What’s the origin of the paint making?
I started researching the color preparations and the painting materials that had been traditionally used in the history of image making. Many of them are botanically based and mineral based. And so over the past 10 years, I’ve dedicated myself to learning how to extract color, precipitate a dye, crush minerals, levigate them and clean them.
Where do the materials come from, and where do you do your research?
I’ve gone very in-depth with conducting field study and being off-grid, camping with no Wi-Fi and no creature comforts for three to five days, sometimes 12 days, researching native plants of the Southwest that are endemic to the region and exist nowhere else in the world.
I normally go with one or two people; typically I’ll go with friends who are also plant enthusiasts, herbalists, botanists.

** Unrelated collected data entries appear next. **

(* Let $X$ be a separable Banach space and $(E_n)$ a finite dimensional Markushevich decomposition (FMD) of $X$ with biorthogonal sequence $(F_n)$. The following are equivalent: (1) $(E_n)$ is shrinking, i.e. $\mathrm{span}(F_j:j\in\mathbb N)$ is norm dense in $X^*$; (2) for all $x^*\in X^*$, $\lim_{n\to\infty}\|x^*|_{\mathrm{span}(E_j:j>n)}\|=0$; (3) every bounded sequence $(y_n)$ with $y_n\in\mathrm{span}(E_j:j\in\mathbb N, j\ge n)$ for each $n$ is weakly null.
   Context: A sequence $(E_k)$ of finite dimensional subspaces of $X$ is an FMD of $X$ if, with $F_k=\mathrm{span}(E_j:j\ne k)^\perp=\{f\in X^*: f|_{E_j}=0 \text{ for all } j\neq k\}$ (the biorthogonal sequence), the following hold: (a) $\mathrm{span}(E_k:k\in\mathbb N)$ is dense in $X$; (b) $E_k\cap\overline{\mathrm{span}(E_j:j\ne k)}=\{0\}$ for every $k$; (c) $(F_k)$ is total, i.e. if $x\in X$ and $f(x)=0$ for all $f\in F_k$ and all $k$, then $x=0$. *)

theory Defs
  imports "HOL-Analysis.Analysis"
begin

text \<open>Real Banach space X = type 'a :: banach; dual X* = 'a \<Rightarrow>L real.\<close>

definition separable_space :: "'a::metric_space itself \<Rightarrow> bool" where
  "separable_space _ \<longleftrightarrow> (\<exists>D::'a set. countable D \<and> closure D = UNIV)"

definition biorth :: "(nat \<Rightarrow> 'a::real_normed_vector set) \<Rightarrow> nat \<Rightarrow> ('a \<Rightarrow>\<^sub>L real) set" where
  "biorth E k = {f. \<forall>j. j \<noteq> k \<longrightarrow> (\<forall>x\<in>E j. blinfun_apply f x = 0)}"

definition FMD :: "(nat \<Rightarrow> 'a::real_normed_vector set) \<Rightarrow> bool" where
  "FMD E \<longleftrightarrow>
     (\<forall>k. subspace (E k) \<and> (\<exists>B. finite B \<and> E k = span B)) \<and>
     closure (span (\<Union>k. E k)) = UNIV \<and>
     (\<forall>k. E k \<inter> closure (span (\<Union>j\<in>-{k}. E j)) = {0}) \<and>
     (\<forall>x. (\<forall>k. \<forall>f\<in>biorth E k. blinfun_apply f x = 0) \<longrightarrow> x = 0)"

definition shrinking :: "(nat \<Rightarrow> 'a::real_normed_vector set) \<Rightarrow> bool" where
  "shrinking E \<longleftrightarrow> closure (span (\<Union>k. biorth E k)) = UNIV"

definition restr_norm :: "('a::real_normed_vector \<Rightarrow>\<^sub>L real) \<Rightarrow> 'a set \<Rightarrow> real" where
  "restr_norm f S = Sup {\<bar>blinfun_apply f x\<bar> | x. x \<in> S \<and> norm x \<le> 1}"

definition weakly_null :: "(nat \<Rightarrow> 'a::real_normed_vector) \<Rightarrow> bool" where
  "weakly_null y \<longleftrightarrow> (\<forall>f::'a \<Rightarrow>\<^sub>L real. (\<lambda>n. blinfun_apply f (y n)) \<longlonglongrightarrow> 0)"

end

theory Submission
  imports Defs
begin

This last time, the museum director for the Huntington came with me for the night.
Where did you camp?
We were in the Anza-Borrego Desert, which is part of the Sonoran Desert. Because we’ve had all this crazy rain, things that should not be popping and blooming are gorgeous. The lavender plants, desert lavender, were fully in bloom. The ocotillo is fully in bloom. And it was just what I needed.
What are your most frequently used materials for making paint?

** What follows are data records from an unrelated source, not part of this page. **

(* On $S^{2n+1}\subset{\mathbb C}^{n+1}$ with coordinates $z_i=x_i+\sqrt{-1}y_i$, let $w=(w_0,\dots,w_n)$ with all $w_i>0$ chosen generically so that the only closed orbits of the Reeb field $\xi_w=\sum_iw_i(x_i\partial_{y_i}-y_i\partial_{x_i})$ are $L_i=\{|z_i|=1\}$, and let $g_w$ be the metric of the deformed Sasakian structure with contact form $\eta_w=\eta/\sum_iw_i(x_i^2+y_i^2)$, $\eta=\sum_i(x_idy_i-y_idx_i)$. Then for any $\beta=(\beta_0,\dots,\beta_n)$ for which the denominators are nonzero, $$\mathrm{Vol}(S^{2n+1},g_w)=\frac{2\pi^{n+1}}{n!}\sum_{i=0}^n\frac{1}{w_i^{n+1}}\frac{\beta_i^n}{\prod_{j\ne i}\left(\frac{\beta_i}{w_i}w_j-\beta_j\right)}=\frac{2\pi^{n+1}}{n!}\cdot\frac{1}{w_0w_1\cdots w_n}.$$
   Context: The deformed structure (deformation of type I of the standard Sasakian structure) has the same CR structure $(\ker\eta,J)$ as the standard one, Reeb field $\xi_w$, contact form $\eta_w$, and metric $g_w=\tfrac12 d\eta_w\circ(1\otimes J)+\eta_w\otimes\eta_w$. For $w=(1,\dots,1)$ this is the round unit sphere. *)

theory Defs
  imports "HOL-Analysis.Analysis"
begin

text \<open>Points and tangent vectors of C^(n+1) = R^(2n+2) are functions nat => real;
 real coordinate 2i is x_i and coordinate 2i+1 is y_i (i = 0..n).\<close>

definition xc :: "(nat \<Rightarrow> real) \<Rightarrow> nat \<Rightarrow> real" where
  "xc p i = p (2 * i)"
definition yc :: "(nat \<Rightarrow> real) \<Rightarrow> nat \<Rightarrow> real" where
  "yc p i = p (2 * i + 1)"
definition mkvec :: "(nat \<Rightarrow> real) \<Rightarrow> (nat \<Rightarrow> real) \<Rightarrow> nat \<Rightarrow> real" where
  "mkvec a b k = (if even k then a (k div 2) else b (k div 2))"

definition rinner :: "nat \<Rightarrow> (nat \<Rightarrow> real) \<Rightarrow> (nat \<Rightarrow> real) \<Rightarrow> real" where
  "rinner n u v = (\<Sum>k<2*n+2. u k * v k)"

definition unit_sphere :: "nat \<Rightarrow> (nat \<Rightarrow> real) set" where
  "unit_sphere n = {p. rinner n p p = 1}"

definition fw :: "nat \<Rightarrow> (nat \<Rightarrow> real) \<Rightarrow> (nat \<Rightarrow> real) \<Rightarrow> real" where
  "fw n w p = (\<Sum>i\<le>n. w i * ((xc p i)\<^sup>2 + (yc p i)\<^sup>2))"

definition eta0 :: "nat \<Rightarrow> (nat \<Rightarrow> real) \<Rightarrow> (nat \<Rightarrow> real) \<Rightarrow> real" where
  "eta0 n p v = (\<Sum>i\<le>n. xc p i * yc v i - yc p i * xc v i)"

definition deta0 :: "nat \<Rightarrow> (nat \<Rightarrow> real) \<Rightarrow> (nat \<Rightarrow> real) \<Rightarrow> real" where
  "deta0 n u v = 2 * (\<Sum>i\<le>n. xc u i * yc v i - yc u i * xc v i)"

definition dfw :: "nat \<Rightarrow> (nat \<Rightarrow> real) \<Rightarrow> (nat \<Rightarrow> real) \<Rightarrow> (nat \<Rightarrow> real) \<Rightarrow> real" where
  "dfw n w p v = (\<Sum>i\<le>n. 2 * w i * (xc p i * xc v i + yc p i * yc v i))"

definition eta_w :: "nat \<Rightarrow> (nat \<Rightarrow> real) \<Rightarrow> (nat \<Rightarrow> real) \<Rightarrow> (nat \<Rightarrow> real) \<Rightarrow> real" where
  "eta_w n w p v = eta0 n p v / fw n w p"

definition deta_w :: "nat \<Rightarrow> (nat \<Rightarrow> real) \<Rightarrow> (nat \<Rightarrow> real) \<Rightarrow> (nat \<Rightarrow> real) \<Rightarrow> (nat \<Rightarrow> real) \<Rightarrow> real" where
  "deta_w n w p u v = deta0 n u v / fw n w p
     - (dfw n w p u * eta0 n p v - dfw n w p v * eta0 n p u) / (fw n w p)\<^sup>2"

definition reeb_w :: "nat \<Rightarrow> (nat \<Rightarrow> real) \<Rightarrow> (nat \<Rightarrow> real) \<Rightarrow> nat \<Rightarrow> real" where
  "reeb_w n w p = mkvec (\<lambda>i. - w i * yc p i) (\<lambda>i. w i * xc p i)"

definition Jst :: "(nat \<Rightarrow> real) \<Rightarrow> nat \<Rightarrow> real" where
  "Jst v = mkvec (\<lambda>i. - yc v i) (\<lambda>i. xc v i)"

text \<open>Phi_w: equal to J on ker eta, Phi_w xi_w = 0\<close>
definition Phi_w :: "nat \<Rightarrow> (nat \<Rightarrow> real) \<Rightarrow> (nat \<Rightarrow> real) \<Rightarrow> (nat \<Rightarrow> real) \<Rightarrow> nat \<Rightarrow> real" where
  "Phi_w n w p v = Jst (\<lambda>k. v k - eta_w n w p v * reeb_w n w p k)"

definition g_w :: "nat \<Rightarrow> (nat \<Rightarrow> real) \<Rightarrow> (nat \<Rightarrow> real) \<Rightarrow> (nat \<Rightarrow> real) \<Rightarrow> (nat \<Rightarrow> real) \<Rightarrow> real" where
  "g_w n w p u v = 1/2 * deta_w n w p u (Phi_w n w p v) + eta_w n w p u * eta_w n w p v"

text \<open>Riemannian volume density of g_w w.r.t. the round surface measure:
 sqrt of the determinant of g_w|T_pS in a round-orthonormal frame, computed by extending
 g_w by the unit normal p (orthogonal projection onto T_pS plus the normal part).\<close>
definition tproj :: "nat \<Rightarrow> (nat \<Rightarrow> real) \<Rightarrow> (nat \<Rightarrow> real) \<Rightarrow> nat \<Rightarrow> real" where
  "tproj n p u = (\<lambda>k. u k - rinner n u p * p k)"

definition ebasis :: "nat \<Rightarrow> nat \<Rightarrow> real" where
  "ebasis a = (\<lambda>k. if k = a then 1 else 0)"

definition det_nat :: "nat \<Rightarrow> (nat \<Rightarrow> nat \<Rightarrow> real) \<Rightarrow> real" where
  "det_nat N M = (\<Sum>q | q permutes {..<N}. of_int (sign q) * (\<Prod>k<N. M k (q k)))"

definition vol_density :: "nat \<Rightarrow> (nat \<Rightarrow> real) \<Rightarrow> (nat \<Rightarrow> real) \<Rightarrow> real" where
  "vol_density n w p = sqrt (det_nat (2*n+2) (\<lambda>a b.
      g_w n w p (tproj n p (ebasis a)) (tproj n p (ebasis b))
      + rinner n (ebasis a) p * rinner n (ebasis b) p))"

text \<open>Integral over the round unit sphere S^(2n+1) with respect to its surface
 (= Riemannian) measure, via the cone construction: sigma(A) = (2n+2) * Lebesgue(cone over A).\<close>
definition sphere_integral :: "nat \<Rightarrow> ((nat \<Rightarrow> real) \<Rightarrow> real) \<Rightarrow> real" where
  "sphere_integral n h = real (2*n+2) *
     (\<integral>x. indicator {x. rinner n x x \<le> 1} x * h (\<lambda>k. x k / sqrt (rinner n x x))
        \<partial>(Pi\<^sub>M {..<2*n+2} (\<lambda>_. lborel)))"

definition deformed_volume :: "nat \<Rightarrow> (nat \<Rightarrow> real) \<Rightarrow> real" where
  "deformed_volume n w = sphere_integral n (vol_density n w)"

definition reeb_flow :: "nat \<Rightarrow> (nat \<Rightarrow> real) \<Rightarrow> real \<Rightarrow> (nat \<Rightarrow> real) \<Rightarrow> nat \<Rightarrow> real" where
  "reeb_flow n w t p = mkvec
     (\<lambda>i. xc p i * cos (w i * t) - yc p i * sin (w i * t))
     (\<lambda>i. xc p i * sin (w i * t) + yc p i * cos (w i * t))"

definition closed_reeb_orbit :: "nat \<Rightarrow> (nat \<Rightarrow> real) \<Rightarrow> (nat \<Rightarrow> real) \<Rightarrow> bool" where
  "closed_reeb_orbit n w p \<longleftrightarrow> (\<exists>T>0. \<forall>k<2*n+2. reeb_flow n w T p k = p k)"

end

theory Submission
  imports Defs "Jordan_Normal_Form.Determinant" "HOL-Probability.Distributions"
    "HOL-Computational_Algebra.Polynomial"
begin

There’s a range. And I’ll say that I’ve moved more toward the mineral-based color, because the plant color is so fugitive. For plants, logwood; and for insects, cochineal.
Tell me about the cochineal.
She’s tiny and she’s beautiful. A small insect also known as nochesley in the Indigenous Nahua language. She eats only paddle-tail cactus. When she eats it, her body digests it and it becomes carmine red.